One of the most important root traits contributing to enhanced P absorption is RLD, which is positively correlated with P use efficiency in wheat grown under field conditions, especially under OrthoP fertilizer application compared to unfertilized wheat [31, 47]. These findings are consistent with our results indicating that PolyPs plausibly “directly or indirectly” modulated specific functional and structural root traits that significantly contributed to enhancing wheat P acquisition and above-ground performance.
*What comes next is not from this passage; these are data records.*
(* Let $T$ be a permutation tableau. Then $\mathrm{inv}(T)=0$ if and only if $T$ is an L-Bell tableau.
   Context: Permutation tableaux. Draw a Ferrers diagram in English convention: rows are left-justified, row lengths weakly decrease from top to bottom, and every column is nonempty. Rows of length zero are allowed. A permutation tableau $T$ is a filling of the cells of such a diagram with 0's and 1's satisfying two conditions: (i) every column contains at least one 1; (ii) no cell containing 0 has both a 1 above it in its column and a 1 to its left in its row. Its length $n$ is the number of rows plus the number of columns. Labels. The southeast boundary path of $n$ unit south/west steps, from the top-right corner to the bottom-left corner, has its steps labeled $1,\ldots,n$ in order. Each row gets the label of its south step (at the right end of the row), and each column the label of its west step. $(i,j)$ denotes the cell in row $i$ and column $j$. Zeros, ones and rows. A 1 is topmost if there is no 1 above it in its column. A 0 is restricted if there is a 1 above it in its column. A rightmost restricted 0 is a restricted 0 with no restricted 0 to its right in its row. A row is unrestricted if it contains no restricted 0; empty rows are unrestricted. L-Bell tableau. A permutation tableau is an L-Bell tableau if every topmost 1 is also the leftmost 1 of its row, i.e. there is no 1 to its left in the same row. Dots. Black dots are placed on the topmost 1's (one per column), each labeled by its column label. White dots are placed on the rightmost restricted 0's (one per restricted row), each labeled by its row label. Alternating paths. An alternating path is a sequence of dots, identified with the sequence of their labels, built as follows. - From a white dot in cell $(i,j)$, the next dot is the black dot of column $j$. - From a black dot in cell $(i,j)$: if row $i$ is unrestricted, the path ends; otherwise the next dot is the white dot of row $i$. - If $k$ is a column label or the label of a restricted row, $P_k$ is the path starting at the dot labeled $k$. - If $r$ is the label of an unrestricted row, $P_r$ is the empty path. $P_k$ is contained in a path $P$ if $k$ labels a dot of $P$. Empty paths are contained in no path. Order on paths. Let $P_a,P_b$ be two paths, neither contained in the other. Remove their longest common final segment, obtaining $P'_a,P'_b$. The ending position of $P'_a$ is defined as follows: - if $P'_a$ is nonempty, it is the cell of its last dot; - if $P_a$ is the empty path of an unrestricted row $r$, it is a point at the right end of row $r$, strictly to the right of all its cells. $P_a>P_b$ if the ending position of $P'_a$ is in a strictly lower row than that of $P'_b$, or in the same row and strictly to the right. Otherwise $P_a<P_b$. Inversions. An inversion is a pair $(j,k)$ of labels satisfying all of the following: $j$ is a column label; $j<k$; $k$ is not the label of a dot of $P_j$; and $P_j>P_k$. $\mathrm{inv}(T)$ is the number of inversions. *)

theory Defs
  imports Main
begin

text \<open>A tableau of length n is encoded by its length, the set of row labels
(labels of the south steps of the boundary path; the remaining labels in
{1..n} are column labels), and the 0/1 filling (True = 1). Rows with larger labels are lower;
columns with larger labels are further to the left.\<close>

record ptab =
  len :: nat
  rowset :: "nat set"
  fill :: "nat \<Rightarrow> nat \<Rightarrow> bool"
(* Let $n\ge1$, $m\ge0$, let $\theta_1,\dots,\theta_n$ be real with $e^{i\theta_1},\dots,e^{i\theta_n}$ distinct, and let $\zeta_1(\boldsymbol\theta),\dots,\zeta_m(\boldsymbol\theta)$ depend smoothly on $\boldsymbol\theta=(\theta_1,\dots,\theta_n)$ and solve the stationary relations $$\sum_{j=1}^n\cot\Big(\frac{\zeta_k-\theta_j}{2}\Big)=\sum_{l\neq k}2\cot\Big(\frac{\zeta_k-\zeta_l}{2}\Big),\qquad k=1,\dots,m,$$ where the points $\xi_k=e^{i\zeta_k}$ are distinct, distinct from the $e^{i\theta_j}$, and the set $\{\xi_1,\dots,\xi_m\}$ is invariant under $\xi\mapsto1/\bar\xi$. Define $$\mathcal{Z}(\boldsymbol\theta)=\prod_{1\le j<k\le n}\sin^2\Big(\frac{\theta_j-\theta_k}{2}\Big)\prod_{1\le s<t\le m}\sin^8\Big(\frac{\zeta_s(\boldsymbol\theta)-\zeta_t(\boldsymbol\theta)}{2}\Big)\prod_{k=1}^n\prod_{l=1}^m\sin^{-4}\Big(\frac{\theta_k-\zeta_l(\boldsymbol\theta)}{2}\Big).$$ Then $\mathcal{Z}$ is strictly positive and rotation invariant. Moreover, with $\mathcal{U}=\log\mathcal{Z}$, the functions $$U_j(\boldsymbol\theta)=\partial_j\mathcal{U}=\sum_{k\neq j}\cot\Big(\frac{\theta_j-\theta_k}{2}\Big)-2\sum_{l=1}^m\cot\Big(\frac{\theta_j-\zeta_l(\boldsymbol\theta)}{2}\Big),\quad j=1,\dots,n,$$ are real-valued and rotation invariant, satisfy $\sum_{j=1}^nU_j=0$, and satisfy for each $j$ $$\frac12U_j^2+\sum_{k\neq j}\cot\Big(\frac{\theta_k-\theta_j}{2}\Big)U_k-\sum_{k\neq j}\frac{3}{2\sin^2\big(\frac{\theta_j-\theta_k}{2}\big)}=-\frac{(2m-n)^2}{2}+\frac12 .$$
   Context: Rotation invariance of a function $G(\boldsymbol\theta)$ means $G(\theta_1+c,\dots,\theta_n+c)=G(\boldsymbol\theta)$ for real $c$ (the solution $\boldsymbol\zeta$ shifts accordingly, $\zeta_k(\boldsymbol\theta+c)=\zeta_k(\boldsymbol\theta)+c$). The condition that $\{e^{i\zeta_k}\}$ is invariant under $\xi\mapsto1/\bar\xi$ means the $\zeta_k$ (mod $2\pi$) occur as real numbers or in complex conjugate pairs. *)

theory Defs
  imports "HOL-Analysis.Analysis"
begin

fun Ck_on :: "nat \<Rightarrow> 'a::euclidean_space set \<Rightarrow> ('a \<Rightarrow> 'b::real_normed_vector) \<Rightarrow> bool" where
  "Ck_on 0 S f = continuous_on S f"
| "Ck_on (Suc k) S f = (f differentiable_on S \<and>
      (\<forall>i\<in>Basis. Ck_on k S (\<lambda>x. frechet_derivative f (at x) i)))"

definition smooth_on :: "'a::euclidean_space set \<Rightarrow> ('a \<Rightarrow> 'b::real_normed_vector) \<Rightarrow> bool" where
  "smooth_on S f = (\<forall>k. Ck_on k S f)"

definition rot :: "real \<Rightarrow> real^'n \<Rightarrow> real^'n" where
  "rot c \<theta> = \<theta> + (\<chi> i. c)"

definition Zfun :: "nat \<Rightarrow> (real^('n::{finite,linorder}) \<Rightarrow> nat \<Rightarrow> complex) \<Rightarrow> real^('n::{finite,linorder}) \<Rightarrow> complex" where
  "Zfun m \<zeta> \<theta> =
     (\<Prod>p\<in>{(j,k). j < k}. complex_of_real ((sin ((\<theta>$fst p - \<theta>$snd p) / 2))^2))
   * (\<Prod>p\<in>{(s,t). s < t \<and> t < m}. (sin ((\<zeta> \<theta> (fst p) - \<zeta> \<theta> (snd p)) / 2))^8)
   * (\<Prod>k\<in>UNIV. \<Prod>l<m. inverse ((sin ((complex_of_real (\<theta>$k) - \<zeta> \<theta> l) / 2))^4))"

definition Ufun :: "nat \<Rightarrow> (real^('n::finite) \<Rightarrow> nat \<Rightarrow> complex) \<Rightarrow> real^('n::finite) \<Rightarrow> ('n::finite) \<Rightarrow> complex" where
  "Ufun m \<zeta> \<theta> j =
     (\<Sum>k\<in>UNIV-{j}. complex_of_real (cot ((\<theta>$j - \<theta>$k) / 2)))
     - 2 * (\<Sum>l<m. cot ((complex_of_real (\<theta>$j) - \<zeta> \<theta> l) / 2))"
theorem mainTheorem7:
  fixes k n p :: nat
    and X :: "real mat" and y :: "real vec"
    and pr :: "nat \<Rightarrow> real"   (* diagonal of \<pi>, flat index r = a*n+i *)
    and w :: "nat \<Rightarrow> real"    (* diagonal of m *)
    and t :: "real mat"
  assumes X: "X \<in> carrier_mat n p"
    and y: "y \<in> carrier_vec (k * n)"
    and pr: "\<And>r. r < k * n \<Longrightarrow> 0 < pr r \<and> pr r < 1"
    and w: "\<And>r. r < k * n \<Longrightarrow> 0 < w r"
    and t: "t \<in> carrier_mat (k + p) k"
    and span: "design k X * t =
       mat_diag (k * n) (\<lambda>r. 1 / w r) * mat_diag (k * n) (\<lambda>r. 1 / pr r) * ones_blk k n"
  shows "(1 / real n) \<cdot>\<^sub>v (transpose_mat (ones_blk k n) *\<^sub>v (design k X *\<^sub>v
            (mp_inverse (transpose_mat (design k X) * mat_diag (k * n) w * mat_diag (k * n) pr * design k X)
             *\<^sub>v (transpose_mat (design k X) * mat_diag (k * n) w * mat_diag (k * n) pr *\<^sub>v y))))
         = (1 / real n) \<cdot>\<^sub>v (transpose_mat (ones_blk k n) *\<^sub>v y)"
proof -
  define \<delta> where "\<delta> = (\<lambda>r. w r * pr r)"
  have x: "design k X \<in> carrier_mat (k * n) (k + p)" using design_carrier[of k X] X by simp
  have pos: "\<And>r. r < k * n \<Longrightarrow> 0 < \<delta> r" using w pr by (simp add: \<delta>_def)
  have ones: "ones_blk k n \<in> carrier_mat (k * n) k" by (simp add: ones_blk_def)
  have "mat_diag (k * n) \<delta> * (design k X * t)
      = mat_diag (k * n) (\<lambda>r. \<delta> r * (1 / w r * (1 / pr r))) * ones_blk k n"
    unfolding span using ones by (simp add: assoc_mult_mat[OF mat_diag_dim mat_diag_dim ones, symmetric])
  also have "mat_diag (k * n) (\<lambda>r. \<delta> r * (1 / w r * (1 / pr r))) = 1\<^sub>m (k * n)"
  proof (subst mat_diag_one[symmetric], intro mat_diag_cong)
    fix r assume "r < k * n"
    thus "\<delta> r * (1 / w r * (1 / pr r)) = 1" using w pr by (simp add: \<delta>_def less_imp_neq[symmetric])
  qed
  finally have "mat_diag (k * n) \<delta> * (design k X * t) = ones_blk k n" using ones by simp
  from wls_fit_preserves_weighted_totals[OF x pos y t this]
  show ?thesis
    using x by (simp add: \<delta>_def assoc_mult_mat[OF transpose_carrier_mat[THEN iffD2, OF x] mat_diag_dim mat_diag_dim])
qed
Additionally, other studies found that RLD of wheat and soybean significantly increased with increasing P rate and this was significantly correlated with grain yield under field conditions [48,49,50]. Furthermore, it is worth noting that RL was responsive to increasing P dose, especially under the application of PolyA and PolyB. Similarly, RL also increased with increasing P dose under PolyC and OrthoP fertilizers, which is consistent with the finding by Shen et al. [51] that RL of wheat grown under greenhouse conditions increased with increasing P (KH2PO4) application. Likewise, Torres-Dorante et al. [13] reported that sodium PolyP increased maize RL compared to di-sodium hydrogen OrthoP application. Unlike other root traits, RD was significantly lower under PolyC, B, and A at D60 compared to other treatments. It has been reported that many cereals (maize, wheat, etc.) are characterized by a smaller RD than legume crops (Lupin, faba bean, etc.), given its role in P acquisition allowing high absorptive capacity [51, 52]. Our findings on RD variations agree with the general observation of other studies, supporting the fact that RD is an important morphological root trait involved in P acquisition efficiency, especially in cereal crops according to available knowledge [32, 51,52,53,54,55].

Polyphosphate application enhanced P acquisition in durum wheat

The present study demonstrated that PolyPs fertilizers, especially PolyB and PolyC at D60 and D90 significantly improved shoot Pi content, root P acquisition efficiency, and P uptake per unit of root length (Fig. 1, 3). Improved translocation of P to shoots under all PolyPs fertilizers applications is consistent with the few available studies reporting enhanced P uptake under ammonium PolyP compared to OrthoP fertilizer application, such as monoammonium P, diammonium P, and triple super P [9, 19, 56]. This has also been confirmed recently by Gao et al. [15] who found that application of ammonium PolyP (60 kg P ha−1) significantly improved P uptake (shoot and root P) of maize in pot experiments. Improvement of maize P uptake under ammonium PolyP may be due to progressive enhancement of soil available P from this PolyP [13, 15]. In addition, a greenhouse experiment conducted by McBeath et al. [9] found a significant increase in wheat shoot biomass and P tissue concentration under ammonium PolyP application compared to monoammonium P, which is consistent with our findings for PolyC, B, and A. Another study by McBeath et al. [19] confirmed that shoot P content significantly (r = 0.97) correlated with wheat shoot biomass in response to application of ammonium PolyP fertilizer compared to triple superphosphate. Furthermore, our findings demonstrate a significant improvement of root P acquisition efficiency by 5, 75, and 22% under the application of PolyA, PolyB, and PolyC, specifically at D60. This presumably indicates that PolyPs application promotes investment in root mass, along with less P accumulation in roots (expressed in lower root Pi content compared to shoots), which helps to allocate the required amounts of soil nutrients, especially P, to shoots and thus contributes to sustaining physiological processes and production of grain yield. Similarly, P uptake per unit of RL was enhanced in response to all P-fertilizers applied at D60 and D90 compared to unfertilized wheat plants. This trait was reported to increase soil available P and contribute to a better P acquisition efficiency in many crops including wheat, pea, and lupin [57].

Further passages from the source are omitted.